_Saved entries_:
---

lemma norm_scaleC: "norm (a *\<^sub>C x) = cmod a * norm (x::'a::complex_inner)"
proof -
  have "cinner (a *\<^sub>C x) (a *\<^sub>C x) = (cnj a * a) * cinner x x"
    by (simp add: cinner_scaleC_left cinner_scaleC_right)
  also have "cnj a * a = of_real ((cmod a)\<^sup>2)"
    by (metis complex_norm_square mult.commute)
  finally have "of_real ((norm (a *\<^sub>C x))\<^sup>2) = (of_real ((cmod a * norm x)\<^sup>2) :: complex)"
    by (simp add: cinner_self_eq_norm_sq power_mult_distrib)
  then have "(norm (a *\<^sub>C x))\<^sup>2 = (cmod a * norm x)\<^sup>2"
    by (simp only: of_real_eq_iff)
  then show ?thesis by simp
qed

lemma cmod_cinner_le: "cmod (cinner x y) \<le> norm x * norm (y::'a::complex_inner)"
proof (cases "x = 0")
  case False
  define a where "a = cinner x y / cinner x x"
  have "cinner x x \<noteq> 0" using False cinner_eq_zero_iff by blast
  then have "cinner x (y - a *\<^sub>C x) = 0"
    by (simp add: a_def cinner_diff_right cinner_scaleC_right)
  then have "cinner (y - a *\<^sub>C x) (a *\<^sub>C x) = 0"
    by (metis cinner_conj cinner_scaleC_right complex_cnj_zero mult_zero_right)
  then have "(norm y)\<^sup>2 = (norm (y - a *\<^sub>C x))\<^sup>2 + (norm (a *\<^sub>C x))\<^sup>2"
    using norm_add_sq_orthogonal[of "y - a *\<^sub>C x" "a *\<^sub>C x"] by simp
  then have "(cmod a * norm x)\<^sup>2 \<le> (norm y)\<^sup>2"
    by (simp add: norm_scaleC)
  then have "cmod a * norm x \<le> norm y"
    by (rule power2_le_imp_le) simp
  moreover have "cmod a = cmod (cinner x y) / (norm x)\<^sup>2"
    unfolding a_def norm_divide cinner_self_eq_norm_sq norm_of_real by simp
  ultimately show ?thesis
    using False by (simp add: power2_eq_square field_simps)
qed simp

lemma cinner_eqI: "(\<And>x. cinner x a = cinner x b) \<Longrightarrow> a = (b::'a::complex_inner)"
  by (metis cinner_diff_right cinner_eq_zero_iff right_minus_eq)

lemma parallelogram_law:
  "(norm (a + b))\<^sup>2 + (norm (a - b))\<^sup>2 = 2 * (norm a)\<^sup>2 + 2 * (norm (b::'a::complex_inner))\<^sup>2"
proof -
  have "cinner (a + b) (a + b) + cinner (a - b) (a - b) = 2 * cinner a a + 2 * cinner b b"
    by (simp add: cinner_add_left cinner_add_right cinner_diff_left cinner_diff_right algebra_simps)
  then have "of_real ((norm (a + b))\<^sup>2 + (norm (a - b))\<^sup>2)
      = (of_real (2 * (norm a)\<^sup>2 + 2 * (norm b)\<^sup>2) :: complex)"
    by (simp add: cinner_self_eq_norm_sq)
  then show ?thesis by (simp only: of_real_eq_iff)
qed

lemma bounded_linear_cinner_right: "bounded_linear (\<lambda>x. cinner v (x::'a::complex_inner))"
proof (rule bounded_linear_intro[where K = "norm v"])
  show "cinner v (r *\<^sub>R x) = r *\<^sub>R cinner v x" for r x
    by (simp add: cinner_scaleR_right scaleR_conv_of_real)
  show "norm (cinner v x) \<le> norm x * norm v" for x
    using cmod_cinner_le[of v x] by (simp add: mult.commute)
qed (rule cinner_add_right)

section \<open>Orthogonal projections onto closed subspaces\<close>

definition csubspace :: "'a::complex_vector set \<Rightarrow> bool" where
  "csubspace M \<longleftrightarrow> 0 \<in> M \<and> (\<forall>x\<in>M. \<forall>y\<in>M. x + y \<in> M) \<and> (\<forall>c. \<forall>x\<in>M. c *\<^sub>C x \<in> M)"

lemma csubspace_0: "csubspace M \<Longrightarrow> 0 \<in> M"
  unfolding csubspace_def by blast

lemma csubspace_add: "csubspace M \<Longrightarrow> x \<in> M \<Longrightarrow> y \<in> M \<Longrightarrow> x + y \<in> M"
  unfolding csubspace_def by blast

lemma csubspace_scaleC: "csubspace M \<Longrightarrow> x \<in> M \<Longrightarrow> c *\<^sub>C x \<in> M"
  unfolding csubspace_def by blast

lemma csubspace_scaleR: "csubspace M \<Longrightarrow> x \<in> M \<Longrightarrow> r *\<^sub>R x \<in> M"
  unfolding scaleR_scaleC by (rule csubspace_scaleC)

lemma csubspace_diff: "csubspace M \<Longrightarrow> x \<in> M \<Longrightarrow> y \<in> M \<Longrightarrow> x - y \<in> M"
  using csubspace_add[of M x "(-1) *\<^sub>R y"] csubspace_scaleR[of M y "-1"] by simp
definition I0low :: "nat \<Rightarrow> cvec \<Rightarrow> cvec" where
  "I0low d w = (\<lambda>i. if i < d - 2 then w i else 0)"
definition I0up :: "nat \<Rightarrow> cvec \<Rightarrow> cvec" where
  "I0up d w = (\<lambda>i. if 1 \<le> i \<and> i \<le> d - 2 then w (i - 1) else 0)"

definition J0 :: "nat \<Rightarrow> cvec \<Rightarrow> cvec" where
  "J0 d x = (\<lambda>j. if j < d - 2 then x (Suc j) else 0)"
definition Kop :: "nat \<Rightarrow> cvec \<Rightarrow> cvec" where
  "Kop d w = J0 d (I0low d w)"

definition inRh :: "(nat \<Rightarrow> point \<Rightarrow> complex) \<Rightarrow> nat \<Rightarrow> (point \<Rightarrow> cmat) \<Rightarrow> nat \<Rightarrow> point
    \<Rightarrow> (nat \<Rightarrow> nat \<Rightarrow> cvec) \<Rightarrow> bool" where
  "inRh a d T h m u \<longleftrightarrow> (\<forall>\<alpha> \<beta>. \<alpha> + \<beta> + 1 \<le> h \<longrightarrow> (\<forall>i < d - 1.
      I0low d (u (Suc \<alpha>) \<beta>) i + I0up d (u \<alpha> (Suc \<beta>)) i = brk a d T m u \<alpha> \<beta> i))"

end

theory Submission
  imports Defs
begin

text \<open>Row by row, the relation defining \<open>R\<^sub>h\<close> says: entry 0 of \<open>u\<^sub>\<alpha>\<^sub>+\<^sub>1\<^sub>,\<^sub>\<beta>\<close> is prescribed,
  each further entry of \<open>u\<^sub>\<alpha>\<^sub>+\<^sub>1\<^sub>,\<^sub>\<beta>\<close> is tied to the previous entry of \<open>u\<^sub>\<alpha>\<^sub>,\<^sub>\<beta>\<^sub>+\<^sub>1\<close>, and the last
  entry of \<open>u\<^sub>\<alpha>\<^sub>,\<^sub>\<beta>\<^sub>+\<^sub>1\<close> is prescribed. Hence \<open>u\<^sub>\<alpha>\<^sub>,\<^sub>\<beta>\<^sub>+\<^sub>1 = J\<langle>M,u\<rangle>\<^sub>\<alpha>\<^sub>,\<^sub>\<beta> - K u\<^sub>\<alpha>\<^sub>+\<^sub>1\<^sub>,\<^sub>\<beta>\<close>, and
  walking this recursion down the antidiagonal from \<open>u\<^sub>0\<^sub>,\<^sub>h\<close> to \<open>u\<^sub>h\<^sub>,\<^sub>0\<close> gives the formula.
  For uniqueness, argue degree by degree: if two solutions agree in total degree \<open>\<le> n\<close>,
  their brackets of degree \<open>n\<close> agree, so the differences \<open>c\<^sub>s\<close> of their components of degree
  \<open>n+1\<close> satisfy the homogeneous relation; thus \<open>c\<^sub>s\<close> is the \<open>s\<close>-fold alternating shift of
  \<open>c\<^sub>0\<close>, and the vanishing last entries of the \<open>c\<^sub>s\<close> kill the high entries of \<open>c\<^sub>0\<close>, whose
  low entries vanish by assumption.\<close>

lemma alternating_shift:
  fixes c :: "nat \<Rightarrow> nat \<Rightarrow> 'a :: comm_ring_1"
  assumes first: "\<And>s. s < N \<Longrightarrow> c (Suc s) 0 = 0"
    and shift: "\<And>s i. s < N \<Longrightarrow> 0 < i \<Longrightarrow> i < n \<Longrightarrow> c (Suc s) i = - c s (i - 1)"
    and "s \<le> N" "i < n"
  shows "c s i = (if s \<le> i then (-1) ^ s * c 0 (i - s) else 0)"
  using assms(3,4)
proof (induction s arbitrary: i)
  case 0
  then show ?case by simp
next
  case (Suc s)
  show ?case
  proof (cases "i = 0")
    case True
    then show ?thesis using first Suc.prems by simp
  next
    case False
    then have "c (Suc s) i = - c s (i - 1)"
      using shift Suc.prems by simp
    moreover have "c s (i - 1) = (if s \<le> i - 1 then (-1) ^ s * c 0 (i - 1 - s) else 0)"
      using Suc by simp
    moreover have "(Suc s \<le> i) = (s \<le> i - 1)" "i - 1 - s = i - Suc s"
      using False by arith+
    ultimately show ?thesis by simp
  qed
qed

lemma alternating_shift_vanishes:
  fixes c :: "nat \<Rightarrow> nat \<Rightarrow> 'a :: comm_ring_1"
  assumes first: "\<And>s. s < N \<Longrightarrow> c (Suc s) 0 = 0"
    and shift: "\<And>s i. s < N \<Longrightarrow> 0 < i \<Longrightarrow> i < n \<Longrightarrow> c (Suc s) i = - c s (i - 1)"
    and last: "\<And>s. s < N \<Longrightarrow> c s (n - 1) = 0"
    and init: "\<And>j. j + N < n \<Longrightarrow> c 0 j = 0"
    and "s \<le> N" "i < n"
  shows "c s i = 0"
proof -
  have c0: "c 0 j = 0" if "j < n" for j
  proof (cases "j + N < n")
    case True
    then show ?thesis by (rule init)
  next
    case False
    define t where "t = n - 1 - j"
    have "t < N" "t \<le> n - 1" "n - 1 - t = j"
      using False that unfolding t_def by arith+
    then have "c t (n - 1) = (-1) ^ t * c 0 j"
      using alternating_shift[where c = c and N = N and n = n and s = t and i = "n - 1",
          OF first shift] that by simp
    then show ?thesis using last[OF \<open>t < N\<close>] left_minus_one_mult_self[of t "c 0 j"] by simp
  qed
  show ?thesis
    using alternating_shift[where c = c, OF first shift assms(5,6)] c0 assms(6) by simp
qed

lemma Kop_cong:
  assumes "\<forall>j<d-2. w j = w' j"
  shows "Kop d w = Kop d w'"
  using assms by (auto simp: Kop_def J0_def I0low_def)

lemma funpow_Kop_cong:
  assumes "\<forall>j<d-2. w j = w' j"
  shows "\<forall>j<d-2. (Kop d ^^ n) w j = (Kop d ^^ n) w' j"
proof (induction n)
  case 0
  then show ?case using assms by simp
next
  case (Suc n)
  then show ?case using Kop_cong[of d "(Kop d ^^ n) w" "(Kop d ^^ n) w'"] by simp
qed

lemma funpow_Kop_diff:
  "(Kop d ^^ n) (\<lambda>j. w j - w' j) = (\<lambda>j. (Kop d ^^ n) w j - (Kop d ^^ n) w' j)"
proof -
  have "Kop d (\<lambda>j. x j - y j) = (\<lambda>j. Kop d x j - Kop d y j)" for x y
    by (auto simp: Kop_def J0_def I0low_def)
  then show ?thesis by (induction n) simp_all
qed

lemma brk_cong:
  assumes "\<And>\<gamma> \<delta> k. \<gamma> \<le> \<alpha> \<Longrightarrow> \<delta> \<le> \<beta> \<Longrightarrow> k < d - 2 \<Longrightarrow> u \<gamma> \<delta> k = u' \<gamma> \<delta> k"
  shows "brk a d T m u \<alpha> \<beta> = brk a d T m u' \<alpha> \<beta>"
  unfolding brk_def using assms by (intro ext sum.cong refl) auto

lemma inRhD:
  assumes "inRh a d T h m u" "\<alpha> + \<beta> + 1 \<le> h" "i < d - 1"
  shows "I0low d (u (Suc \<alpha>) \<beta>) i + I0up d (u \<alpha> (Suc \<beta>)) i = brk a d T m u \<alpha> \<beta> i"
  using assms unfolding inRh_def by blast

lemma inRh_first_entry:
  assumes "inRh a d T h m u" "\<alpha> + \<beta> + 1 \<le> h" "3 \<le> d"
  shows "u (Suc \<alpha>) \<beta> 0 = brk a d T m u \<alpha> \<beta> 0"
  using inRhD[OF assms(1,2), of 0] assms(3) by (simp add: I0low_def I0up_def)

lemma inRh_middle_entry:
  assumes "inRh a d T h m u" "\<alpha> + \<beta> + 1 \<le> h" "0 < i" "i < d - 2"
  shows "u (Suc \<alpha>) \<beta> i + u \<alpha> (Suc \<beta>) (i - 1) = brk a d T m u \<alpha> \<beta> i"
  using inRhD[OF assms(1,2), of i] assms(3,4) by (simp add: I0low_def I0up_def)

lemma inRh_last_entry:
  assumes "inRh a d T h m u" "\<alpha> + \<beta> + 1 \<le> h" "3 \<le> d"
  shows "u \<alpha> (Suc \<beta>) (d - 3) = brk a d T m u \<alpha> \<beta> (d - 2)"
proof -
  have "d - 2 - 1 = d - 3" "Suc 0 \<le> d - 2" "\<not> d - 2 < d - 2"
    using assms(3) by arith+
  then show ?thesis
    using inRhD[OF assms(1,2), of "d - 2"] assms(3) by (simp add: I0low_def I0up_def)
qed

lemma inRh_step:
  assumes "inRh a d T h m u" "\<alpha> + \<beta> + 1 \<le> h" "j < d - 2"
  shows "u \<alpha> (Suc \<beta>) j = J0 d (brk a d T m u \<alpha> \<beta>) j - Kop d (u (Suc \<alpha>) \<beta>) j"
  using inRhD[OF assms(1,2), of "Suc j"] assms(3)
  by (simp add: J0_def Kop_def I0low_def I0up_def algebra_simps)

lemma inRh_unfold:
  assumes uR: "inRh a d T h m u" and "n \<le> h" "j < d - 2"
  shows "u 0 h j = (-1) ^ n * (Kop d ^^ n) (u n (h - n)) j
      + (\<Sum>k<n. (-1) ^ k * (Kop d ^^ k) (J0 d (brk a d T m u k (h - 1 - k))) j)"
  using assms(2,3)
proof (induction n arbitrary: j)
  case 0
  then show ?case by simp
next
  case (Suc n)
  define \<beta> where "\<beta> = h - Suc n"
  have \<beta>: "h - n = Suc \<beta>" "h - 1 - n = \<beta>" "n + \<beta> + 1 \<le> h"
    using Suc.prems unfolding \<beta>_def by arith+
  let ?b = "\<lambda>k. (Kop d ^^ k) (J0 d (brk a d T m u k (h - 1 - k)))"
  have "\<forall>j<d-2. u n (h - n) j = J0 d (brk a d T m u n \<beta>) j - Kop d (u (Suc n) \<beta>) j"
    using inRh_step[OF uR \<beta>(3)] \<beta>(1) by simp
  from funpow_Kop_cong[OF this, of n] Suc.prems
  have "(Kop d ^^ n) (u n (h - n)) j = ?b n j - (Kop d ^^ Suc n) (u (Suc n) \<beta>) j"
    using \<beta>(2) by (simp add: funpow_Kop_diff funpow_swap1)
  then have "(-1) ^ n * (Kop d ^^ n) (u n (h - n)) j
      = (-1) ^ Suc n * (Kop d ^^ Suc n) (u (Suc n) \<beta>) j + (-1) ^ n * ?b n j"
    by (simp add: algebra_simps flip: distrib_left)
  with Suc show ?case
    unfolding \<beta>_def by simp
qed

lemma inRh_agree_next_degree:
  assumes uR: "inRh a d T h m u" and uR': "inRh a d T h m u'" and d3: "3 \<le> d"
    and "Suc n \<le> h"
    and lower: "\<And>\<alpha> \<beta> j. \<alpha> + \<beta> \<le> n \<Longrightarrow> j < d - 2 \<Longrightarrow> u' \<alpha> \<beta> j = u \<alpha> \<beta> j"
    and v_low: "\<And>j. j \<le> d - 3 - Suc n \<Longrightarrow> u' 0 (Suc n) j = u 0 (Suc n) j"
    and "s \<le> Suc n" "i < d - 2"
  shows "u' s (Suc n - s) i = u s (Suc n - s) i"
proof -
  define c where "c s i = u' s (Suc n - s) i - u s (Suc n - s) i" for s i
  have level: "s + (n - s) + 1 \<le> h" "Suc (n - s) = Suc n - s" "Suc n - Suc s = n - s"
    if "s < Suc n" for s
    using that \<open>Suc n \<le> h\<close> by arith+
  have brk_eq: "brk a d T m u' s (n - s) = brk a d T m u s (n - s)" if "s < Suc n" for s
    by (rule brk_cong) (use lower that in auto)
  have "c s i = 0"
  proof (rule alternating_shift_vanishes[where N = "Suc n" and n = "d - 2"])
    show "c (Suc s) 0 = 0" if "s < Suc n" for s
      using inRh_first_entry[OF uR level(1)[OF that] d3]
        inRh_first_entry[OF uR' level(1)[OF that] d3] brk_eq[OF that]
      unfolding c_def level(3)[OF that] by simp
    show "c (Suc s) i = - c s (i - 1)" if "s < Suc n" "0 < i" "i < d - 2" for s i
      using inRh_middle_entry[OF uR level(1)[OF that(1)] that(2,3)]
        inRh_middle_entry[OF uR' level(1)[OF that(1)] that(2,3)] brk_eq[OF that(1)]
      unfolding c_def level(2,3)[OF that(1)] by (simp add: algebra_simps)
    show "c s (d - 2 - 1) = 0" if "s < Suc n" for s
      using inRh_last_entry[OF uR level(1)[OF that] d3]
        inRh_last_entry[OF uR' level(1)[OF that] d3] brk_eq[OF that]
      unfolding c_def level(2)[OF that] by (simp add: numeral_3_eq_3)
    show "c 0 j = 0" if "j + Suc n < d - 2" for j
      using v_low that unfolding c_def by simp
  qed (use assms in auto)
  then show ?thesis unfolding c_def by simp
qed

lemma inRh_unique:
  assumes uR: "inRh a d T h m u" and uR': "inRh a d T h m u'" and d3: "3 \<le> d"
    and v_low: "\<forall>k\<le>h. \<forall>j\<le>d - 3 - k. u' 0 k j = u 0 k j"
    and "n \<le> h" "\<alpha> + \<beta> \<le> n" "j < d - 2"
  shows "u' \<alpha> \<beta> j = u \<alpha> \<beta> j"
  using assms(5-7)
proof (induction n arbitrary: \<alpha> \<beta> j)
  case 0
  then show ?case using v_low d3 by auto
next
  case (Suc n)
  show ?case
  proof (cases "\<alpha> + \<beta> \<le> n")
    case True
    with Suc show ?thesis by simp
  next
    case False
    then have "\<beta> = Suc n - \<alpha>" "\<alpha> \<le> Suc n"
      using Suc.prems by arith+
    then show ?thesis
      using inRh_agree_next_degree[OF uR uR' d3 Suc.prems(1)] Suc v_low by auto
  qed
qed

---

_TASK STATEMENT_:
Reproduce exactly the lines from the beginning of the entries above up to and including the line that contains "y)\<^sup>2 = (norm".

_YOUR RESPONSE_:
lemma norm_scaleC: "norm (a *\<^sub>C x) = cmod a * norm (x::'a::complex_inner)"
proof -
  have "cinner (a *\<^sub>C x) (a *\<^sub>C x) = (cnj a * a) * cinner x x"
    by (simp add: cinner_scaleC_left cinner_scaleC_right)
  also have "cnj a * a = of_real ((cmod a)\<^sup>2)"
    by (metis complex_norm_square mult.commute)
  finally have "of_real ((norm (a *\<^sub>C x))\<^sup>2) = (of_real ((cmod a * norm x)\<^sup>2) :: complex)"
    by (simp add: cinner_self_eq_norm_sq power_mult_distrib)
  then have "(norm (a *\<^sub>C x))\<^sup>2 = (cmod a * norm x)\<^sup>2"
    by (simp only: of_real_eq_iff)
  then show ?thesis by simp
qed

lemma cmod_cinner_le: "cmod (cinner x y) \<le> norm x * norm (y::'a::complex_inner)"
proof (cases "x = 0")
  case False
  define a where "a = cinner x y / cinner x x"
  have "cinner x x \<noteq> 0" using False cinner_eq_zero_iff by blast
  then have "cinner x (y - a *\<^sub>C x) = 0"
    by (simp add: a_def cinner_diff_right cinner_scaleC_right)
  then have "cinner (y - a *\<^sub>C x) (a *\<^sub>C x) = 0"
    by (metis cinner_conj cinner_scaleC_right complex_cnj_zero mult_zero_right)
  then have "(norm y)\<^sup>2 = (norm (y - a *\<^sub>C x))\<^sup>2 + (norm (a *\<^sub>C x))\<^sup>2"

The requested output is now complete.